[What you will do]:
Please transcribe, word for word, the line containing "then obtain m'" and every line after it through the end of the records below, and nothing else.
──────── Materials provided ────────
lemma order_convex_block:
  assumes "i \<in> Field W"
  shows "order_convex lex_order (block i x)"
  unfolding order_convex_def
proof (intro ballI allI impI)
  fix a b z
  assume a: "a \<in> block i x" and b: "b \<in> block i x"
    and az: "(a, z) \<in> lex_order" and zb: "(z, b) \<in> lex_order"
  show "z \<in> block i x"
  proof (rule ccontr)
    assume z: "z \<notin> block i x"
    have "z \<in> T" "a \<noteq> z"
      using az a z by (auto simp: lex_order_def)
    then obtain m where m: "first_diff a z m" "(key m a, key m z) \<in> V"
      using az by (auto simp: lex_order_def lex_less_def)
    have "m \<in> under W i"
      using first_diff_leaving_block[OF m(1) assms a] z \<open>z \<in> T\<close> by blast
    then have "under W m \<subseteq> under W i"
      by (rule under_mono)
    moreover have "m \<in> Field W"
      using m(1) by (simp add: first_diff_def)
    ultimately have ab: "key j a = key j b" if "j \<in> insert m (underS W m)" for j
      using a b that under_eq by (auto simp: block_def)
    then have "first_diff z b m"
      using first_diff_sym[OF m(1)] by (simp add: first_diff_def)
    then have "lex_less z b"
      using zb by (auto simp: lex_order_def first_diff_def)
    then obtain m' where "first_diff z b m'" "(key m' z, key m' b) \<in> V"
      by (auto simp: lex_less_def)
    with \<open>first_diff z b m\<close> have "(key m z, key m a) \<in> V"
      using first_diff_unique ab by fastforce
    then show False
      using m V_antisym by (auto simp: first_diff_def)
  qed
qed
────────
[Exercise output]:
    then obtain m' where "first_diff z b m'" "(key m' z, key m' b) \<in> V"
      by (auto simp: lex_less_def)
    with \<open>first_diff z b m\<close> have "(key m z, key m a) \<in> V"
      using first_diff_unique ab by fastforce
    then show False
      using m V_antisym by (auto simp: first_diff_def)
  qed
qed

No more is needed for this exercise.